For now llvm-cov could generate wrong result with such kind of code when:
* Some conditions of the nested decision are located in front of at least one condition of the outer.
* The nested decision's start location is behind of the outer decision.

It would panic when:
* The nested decision has more conditions than the outer.

Let's consider that example still.

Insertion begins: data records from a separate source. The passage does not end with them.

lemma ex_inflate_pos_image:
  assumes "S \<subseteq> {1..N}"
  shows "\<exists>X. set_mset X \<subseteq> {..card S} \<and> size X = N - card S \<and> inflate_pos X ` {1..card S} = S"
  using assms
proof (induction N arbitrary: S)
  case 0
  then show ?case
    by (intro exI[of _ "{#}"]) simp
next
  case (Suc N)
  show ?case
  proof (cases "Suc N \<in> S")
    case False
    then have sub: "S \<subseteq> {1..N}"
      using Suc.prems by (auto simp: le_Suc_eq)
    then have "card S \<le> N"
      using card_mono[OF _ sub] by simp
    obtain X where X: "set_mset X \<subseteq> {..card S}" "size X = N - card S" "inflate_pos X ` {1..card S} = S"
      using Suc.IH[OF sub] by blast
    have "inflate_pos (add_mset (card S) X) j = inflate_pos X j" if "j \<le> card S" for j
      unfolding inflate_pos_def using that by (intro arg_cong2[where f="(+)"] refl sum.cong) auto
    then have "inflate_pos (add_mset (card S) X) ` {1..card S} = inflate_pos X ` {1..card S}"
      by (intro image_cong) simp_all
    moreover have "size (add_mset (card S) X) = Suc N - card S"
      using X(2) \<open>card S \<le> N\<close> by simp
    ultimately show ?thesis
      using X by (intro exI[of _ "add_mset (card S) X"]) simp
  next
    case True
    define S' where "S' = S - {Suc N}"
    have sub: "S' \<subseteq> {1..N}"
      using Suc.prems by (auto simp: S'_def le_Suc_eq)
    then have "card S' \<le> N" and card_S: "card S = Suc (card S')"
      using card_mono[of "{1..N}" S'] card_Suc_Diff1[of S "Suc N"] True
        finite_subset[OF Suc.prems] by (auto simp: S'_def)
    obtain X where X: "set_mset X \<subseteq> {..card S'}" "size X = N - card S'" "inflate_pos X ` {1..card S'} = S'"
      using Suc.IH[OF sub] by blast
    have "inflate_pos X (card S) = Suc N"
      using inflate_pos_Suc_max[OF X(1)] X(2) card_S \<open>card S' \<le> N\<close> by simp
    moreover have "{1..card S} = insert (card S) {1..card S'}"
      using card_S by auto
    ultimately have "inflate_pos X ` {1..card S} = insert (Suc N) S'"
      using X(3) by simp
    also have "\<dots> = S"
      using True by (auto simp: S'_def)
    finally show ?thesis
      using X(1,2) card_S \<open>card S' \<le> N\<close> by (intro exI[of _ X]) auto
  qed
qed

lemma inflate_onto:
  assumes \<pi>: "\<pi> permutes {1..N}"
    and X: "inflate_pos X ` {1..m} = {i \<in> {1..N}. \<pi> i \<noteq> i}"
  shows "\<exists>\<sigma> \<in> derangements m. inflate m X \<sigma> = \<pi>"
proof -
  define p where "p = inflate_pos X"
  define S where "S = p ` {1..m}"
  have "\<pi> ` S \<subseteq> S"
    using X permutes_in_image[OF \<pi>] permutes_inj[OF \<pi>] by (auto simp: S_def p_def dest: injD)
  then have "\<pi> ` S = S"
    using endo_inj_surj[of S \<pi>] inj_on_subset[OF permutes_inj[OF \<pi>]] by (simp add: S_def)
  then have "bij_betw \<pi> S S"
    using inj_on_subset[OF permutes_inj[OF \<pi>]] by (simp add: bij_betw_def)
  then have "bij_betw (inv_into {1..m} p \<circ> \<pi> \<circ> p) {1..m} {1..m}"
    using bij_betw_inflate_pos[of X m] bij_betw_inv_into[OF bij_betw_inflate_pos[of X m]]
    by (auto simp: S_def p_def intro: bij_betw_trans)
  define \<sigma> where "\<sigma> j = (if j \<in> {1..m} then inv_into {1..m} p (\<pi> (p j)) else j)" for j
  have "bij_betw \<sigma> {1..m} {1..m}"
    using \<open>bij_betw (inv_into {1..m} p \<circ> \<pi> \<circ> p) {1..m} {1..m}\<close>
    by (rule bij_betw_cong[THEN iffD1, rotated]) (simp add: \<sigma>_def)
  then have "\<sigma> permutes {1..m}"
    by (rule bij_imp_permutes) (auto simp: \<sigma>_def)
  have \<pi>_p: "\<pi> (p j) = p (\<sigma> j)" if "j \<in> {1..m}" for j
  proof -
    have "\<pi> (p j) \<in> p ` {1..m}"
      using that \<open>\<pi> ` S = S\<close> unfolding S_def by blast
    then show ?thesis
      using that by (simp add: \<sigma>_def f_inv_into_f)
  qed
  have "\<sigma> \<in> derangements m"
    using \<open>\<sigma> permutes {1..m}\<close> \<pi>_p X by (fastforce simp: derangements_def perms_def p_def)
  moreover have "inflate m X \<sigma> i = \<pi> i" for i
  proof (cases "i \<in> S")
    case True
    then obtain j where "j \<in> {1..m}" "i = p j"
      by (auto simp: S_def)
    then show ?thesis
      using inflate_at_pos \<pi>_p by (simp add: p_def)
  next
    case False
    then show ?thesis
      using X inflate_outside permutes_not_in[OF \<pi>] by (fastforce simp: S_def p_def)
  qed
  ultimately show ?thesis
    by blast
qed

definition inflation_data :: "nat \<Rightarrow> (nat \<times> (nat \<Rightarrow> nat) \<times> nat multiset) set" where
  "inflation_data N = (SIGMA m:{..N}. SIGMA \<sigma>:derangements m. multisets_of_size {..m} (N - m))"

lemma inflation_data_iff:
  "(m, \<sigma>, X) \<in> inflation_data N \<longleftrightarrow> inflation m X \<sigma> \<and> m + size X = N"
  by (auto simp: inflation_data_def inflation_def multisets_of_size_def)

lemma card_inflate_pos_image: "card (inflate_pos X ` {1..m}) = m"
  by (simp add: card_image strict_mono_imp_inj_on strict_mono_inflate_pos)

lemma inflate_inj:
  assumes I: "inflation m X \<sigma>" "inflation m' X' \<sigma>'"
    and N: "m + size X = N" "m' + size X' = N"
    and eq: "inflate m X \<sigma> = inflate m' X' \<sigma>'"
  shows "m = m' \<and> \<sigma> = \<sigma>' \<and> X = X'"
proof -
  have "inflate_pos X ` {1..m} = {i \<in> {1..N}. inflate m X \<sigma> i \<noteq> i}"
    using inflation.\<pi>_nonfixed[OF I(1)] N(1) by simp
  also have "\<dots> = inflate_pos X' ` {1..m'}"
    using inflation.\<pi>_nonfixed[OF I(2)] N(2) eq by simp
  finally have image_eq: "inflate_pos X ` {1..m} = inflate_pos X' ` {1..m'}" .
  then have "m = m'"
    by (metis card_inflate_pos_image)
  have "X = X'"
  proof (rule inflate_pos_eqD)
    show "\<forall>j\<in>{1..m}. inflate_pos X j = inflate_pos X' j"
      using strict_mono_eq_if_image_eq[OF strict_mono_inflate_pos strict_mono_inflate_pos]
        image_eq \<open>m = m'\<close> by blast
    show "set_mset X \<subseteq> {..m}" "set_mset X' \<subseteq> {..m}" "size X = size X'"
      using I N \<open>m = m'\<close> by (simp_all add: inflation_def)
  qed
  have "\<sigma> j = \<sigma>' j" for j
  proof (cases "j \<in> {1..m}")
    case True
    then show ?thesis
      using inflate_at_pos[of j m X \<sigma>] inflate_at_pos[of j m X \<sigma>'] eq \<open>X = X'\<close> \<open>m = m'\<close> by simp
  next
    case False
    then show ?thesis
      using permutes_not_in[OF inflation.\<sigma>_permutes[OF I(1)]]
        permutes_not_in[OF inflation.\<sigma>_permutes[OF I(2)]] \<open>m = m'\<close> by simp
  qed
  then show ?thesis
    using \<open>m = m'\<close> \<open>X = X'\<close> by auto
qed

lemma inj_on_inflate: "inj_on (\<lambda>(m, \<sigma>, X). inflate m X \<sigma>) (inflation_data N)"
  by (intro inj_onI) (auto simp: inflation_data_iff dest: inflate_inj)

lemma bij_betw_inflate: "bij_betw (\<lambda>(m, \<sigma>, X). inflate m X \<sigma>) (inflation_data N) (perms N)"
proof (rule bij_betw_imageI[OF inj_on_inflate], intro equalityI subsetI)
  fix \<pi> assume "\<pi> \<in> (\<lambda>(m, \<sigma>, X). inflate m X \<sigma>) ` inflation_data N"
  then show "\<pi> \<in> perms N"
    using inflation.\<pi>_permutes by (auto simp: inflation_data_iff perms_def)
next
  fix \<pi> assume "\<pi> \<in> perms N"
  then have \<pi>: "\<pi> permutes {1..N}"
    by (simp add: perms_def)
  define S where "S = {i \<in> {1..N}. \<pi> i \<noteq> i}"
  have "S \<subseteq> {1..N}"
    by (auto simp: S_def)
  obtain X where X: "set_mset X \<subseteq> {..card S}" "size X = N - card S" "inflate_pos X ` {1..card S} = S"
    using ex_inflate_pos_image[OF \<open>S \<subseteq> {1..N}\<close>] by blast
  obtain \<sigma> where "\<sigma> \<in> derangements (card S)" "inflate (card S) X \<sigma> = \<pi>"
    using inflate_onto[OF \<pi> X(3)[unfolded S_def]] unfolding S_def by blast
  moreover have "card S \<le> N"
    using card_mono[OF _ \<open>S \<subseteq> {1..N}\<close>] by simp
  ultimately show "\<pi> \<in> (\<lambda>(m, \<sigma>, X). inflate m X \<sigma>) ` inflation_data N"
    using X by (intro image_eqI[of _ _ "(card S, \<sigma>, X)"]) (auto simp: inflation_data_iff inflation_def)
qed

section \<open>The generating function of the gaps\<close>

definition fps_step :: "'a::zero \<Rightarrow> 'a \<Rightarrow> 'a fps" where
  "fps_step a b = Abs_fps (\<lambda>k. if k = 0 then a else b)"

definition fps_lin :: "'a::comm_ring_1 \<Rightarrow> 'a fps" where
  "fps_lin c = 1 - fps_X + fps_const c * fps_X"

The example code generate 2 decision:
* D1: the nested decision, comes from `a || b || c`, with 3 conditions `a`, `b`, `c`.
* D2: the outer decision, comes from `inner_decision(a || b || c) && d` , with 2 conditions `inner_decision(a || b || c)`, `d`.

After the sort, the order of mappings would become:
Conditions: `inner_decision(a || b || c)`, `a`, `b`, `c`, `d`
Decisions:   D2, D1
due to the start location comparison.
Then llvm-cov reconstructs mapping between decisions and conditions:
1. Try to bind `inner_decision(a || b || c)` with D2, ok. -> right
2. Try to bind `a` with D2, but D2 already has a condition with id 1. So bind `a` with D1, ok -> right
3. Try to bind `b` with D2, clearly span of D2 dominates `b`, thus ok -> wrong, `b` should be a condition of D1.

Note that `b` has a false next condition id 3 and is taken as condition of D2. Hence when llvm-cov tries to construct the decision tree of D2, it attempts to visit the third element of a vector with length 2, leading to boom.

Though we can forbid people to write code in such style, macros in rust also could generate code like it, even something more dreadful like `if if a || b || c { true } else { false } && d`.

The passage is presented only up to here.